Home | About | Sematext search-lucene.com search-hadoop.com
 Search Hadoop and all its subprojects:

Switch to Threaded View
Pig >> mail # user >> reuse same Tuple and ArrayList for every getNext call in LoadFunc?

Copy link to this message
Re: reuse same Tuple and ArrayList for every getNext call in LoadFunc?
Anything that builds a bag -- for example, I was just looking at the
DefaultDataBag code (and by extension, DistinctDataBag, etc) and it
does not do any tuple copies. We could, of course, change all the Pig
code to respect the assumption that tuples need to be copied if you
want to keep them across multiple getNext calls, but we'd still get
into trouble with UDFs that other people wrote before this change.

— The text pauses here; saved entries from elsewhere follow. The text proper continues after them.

definition set_operad ::
  "(nat set \<Rightarrow> 'b set) \<Rightarrow> (nat set \<Rightarrow> (nat \<Rightarrow> nat) \<Rightarrow> 'b \<Rightarrow> 'b) \<Rightarrow> (nat \<Rightarrow> 'b)
   \<Rightarrow> (nat set \<Rightarrow> 'b \<Rightarrow> (nat \<Rightarrow> nat set) \<Rightarrow> (nat \<Rightarrow> 'b) \<Rightarrow> 'b) \<Rightarrow> bool" where
  "set_operad P ren e cmp \<longleftrightarrow>
     species P ren \<and>
     \<comment> \<open>unit: a natural element of P on each singleton\<close>
     (\<forall>i. e i \<in> P {i}) \<and>
     (\<forall>i s. ren {i} s (e i) = e (s i)) \<and>
     \<comment> \<open>composition lands in P of the union\<close>
     (\<forall>I x J y. x \<in> P I \<and> comp_args P I J y \<longrightarrow> cmp I x J y \<in> P (\<Union>(J ` I))) \<and>
     \<comment> \<open>composition only depends on the family indexed by I\<close>
     (\<forall>I x J y J' y'. x \<in> P I \<and> comp_args P I J y \<and> (\<forall>i\<in>I. J i = J' i \<and> y i = y' i)
        \<longrightarrow> cmp I x J y = cmp I x J' y') \<and>
     \<comment> \<open>equivariance in the top argument\<close>
     (\<forall>I K s x J y. finite I \<and> bij_betw s I K \<and> x \<in> P I \<and> comp_args P K J y
        \<longrightarrow> cmp K (ren I s x) J y = cmp I x (J \<circ> s) (y \<circ> s)) \<and>
     \<comment> \<open>equivariance in the inputs\<close>
     (\<forall>I x J y t. x \<in> P I \<and> comp_args P I J y \<and> inj_on t (\<Union>(J ` I))
        \<longrightarrow> ren (\<Union>(J ` I)) t (cmp I x J y)
            = cmp I x (\<lambda>i. t ` J i) (\<lambda>i. ren (J i) t (y i))) \<and>
     \<comment> \<open>unit laws\<close>
     (\<forall>i J y. comp_args P {i} J y \<longrightarrow> cmp {i} (e i) J y = y i) \<and>
     (\<forall>I x. finite I \<and> x \<in> P I \<longrightarrow> cmp I x (\<lambda>i. {i}) e = x) \<and>
     \<comment> \<open>associativity\<close>
     (\<forall>I x J y K z. x \<in> P I \<and> comp_args P I J y \<and> comp_args P (\<Union>(J ` I)) K z
        \<longrightarrow> cmp (\<Union>(J ` I)) (cmp I x J y) K z
            = cmp I x (\<lambda>i. \<Union>(K ` J i)) (\<lambda>i. cmp (J i) (y i) K z))"

definition augmented :: "(nat set \<Rightarrow> 'b set) \<Rightarrow> (nat \<Rightarrow> 'b) \<Rightarrow> bool" where
  "augmented P e \<longleftrightarrow> P {} = {} \<and> (\<forall>i. P {i} = {e i})"

definition basic :: "(nat set \<Rightarrow> 'b set) \<Rightarrow> (nat set \<Rightarrow> 'b \<Rightarrow> (nat \<Rightarrow> nat set) \<Rightarrow> (nat \<Rightarrow> 'b) \<Rightarrow> 'b) \<Rightarrow> bool" where
  "basic P cmp \<longleftrightarrow> (\<forall>I J y. comp_args P I J y \<longrightarrow> inj_on (\<lambda>x. cmp I x J y) (P I))"

text \<open>Pi_P(I): families (x_u)_{u in pi_x}, represented as partial maps with domain pi_x.\<close>

definition PiP :: "(nat set \<Rightarrow> 'b set) \<Rightarrow> nat set \<Rightarrow> (nat set \<Rightarrow> 'b option) set" where
  "PiP P I = {x. partition_on I (dom x) \<and> (\<forall>u\<in>dom x. the (x u) \<in> P u)}"

text \<open>a o x, where the blocks of pi_x are labelled by a finite set L of naturals
  through a bijection b : L -> pi_x, and a is in Pi_P(L).\<close>

definition compfam ::
  "(nat set \<Rightarrow> 'b \<Rightarrow> (nat \<Rightarrow> nat set) \<Rightarrow> (nat \<Rightarrow> 'b) \<Rightarrow> 'b) \<Rightarrow> (nat \<Rightarrow> nat set)
   \<Rightarrow> (nat set \<Rightarrow> 'b option) \<Rightarrow> (nat set \<Rightarrow> 'b option) \<Rightarrow> (nat set \<Rightarrow> 'b option)" where
  "compfam cmp b a x = (\<lambda>w. if \<exists>v\<in>dom a. w = \<Union>(b ` v)
      then (let v = (THE v. v \<in> dom a \<and> w = \<Union>(b ` v))
            in Some (cmp v (the (a v)) b (\<lambda>l. the (x (b l)))))
      else None)"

I am curious why you are interested in this particular inefficiency,
are you seeing severely degraded performance due to object allocation?

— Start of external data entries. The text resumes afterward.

theorem lemma2p5:
  fixes p :: nat
  assumes "prime p" and "odd p"
  shows "cyclotomic_poly (p^2 - 1) dvd
    ((\<Prod>(s, t)\<in>{(s, t). 1 \<le> s \<and> s < t \<and> t \<le> (p^2 - 1) div 2}.
        (monom (1::int) (2 * t) - monom 1 (2 * s)))
     - smult ((-1) ^ ((p^2 + 7) div 8) * (int ((p^2 - 1) div 2)) ^ ((p^2 - 1) div 4))
         (monom 1 ((p^2 - 1) div 4)))"
proof -
  obtain b where p: "p = 2 * b + 1"
    using \<open>odd p\<close> by (elim oddE)
  with \<open>prime p\<close> have "b > 0"
    by (auto intro: Nat.gr0I)
  have "even (b * (b + 1))"
    by simp
  then obtain a where a: "b * (b + 1) = 2 * a"
    by (elim evenE)
  with \<open>b > 0\<close> have "a > 0"
    by (intro Nat.gr0I) simp
  have "p^2 - 1 = 8 * a" "(p^2 + 7) div 8 = a + 1"
    using a by (simp_all add: p power2_eq_square algebra_simps)
  then show ?thesis
    using cyclotomic_poly_dvd_pair_product_minus_monom[OF \<open>a > 0\<close>]
    by (simp add: increasing_pairs_def)
qed

end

On Sun, Sep 16, 2012 at 10:16 PM, Jim Donofrio <[EMAIL PROTECTED]> wrote:
> Even if I make new tuple and lists I guess that also means I cannot safely
> reuse a DataByteArray object inside a Tuple across getNext calls?
> Also wouldnt the conversion to a Bag only likely happen in a reducer which
> would not be affected by the loader which only supplies input to the mapper?
> When you are talking about downstream code from the loader that assumes that
> each tuple is a new Tuple, is there any code in Pig that assumes that or are
> you just talking about UDF's and other 3rd party libs that people write for
> Pig?
> On 09/17/2012 12:44 AM, Dmitriy Ryaboy wrote:
>> I looked into this a while back -- trouble comes when something
>> downstream from the loader tries to collect inputs into a bag, and
>> doesn't do its own copies. One can easily argue that if someone wants
>> to do such collection, it should be their responsibility to ensure
>> they aren't just collecting the same object that keeps being
>> overwritten, but at this point, I think it's too late to convert
>> everyone who might be making the "each tuple is a new tuple"
>> assumption.
>> D
>> On Sun, Sep 16, 2012 at 9:33 PM, Jim Donofrio <[EMAIL PROTECTED]>
>> wrote:
>>> Is it ok to reuse the same Tuple and List of inputs from RecordReader
>>> across
>>> all getNext calls in a LoadFunc? I notice that PigStorage creates a new
>>> List, mProtoTuple, for every record along with a new tuple. Since
>>> PigMapBase
>>> just use newTupleNoCopy to copy the List, creating a new Tuple for every
>>> getNext seems unnecessary.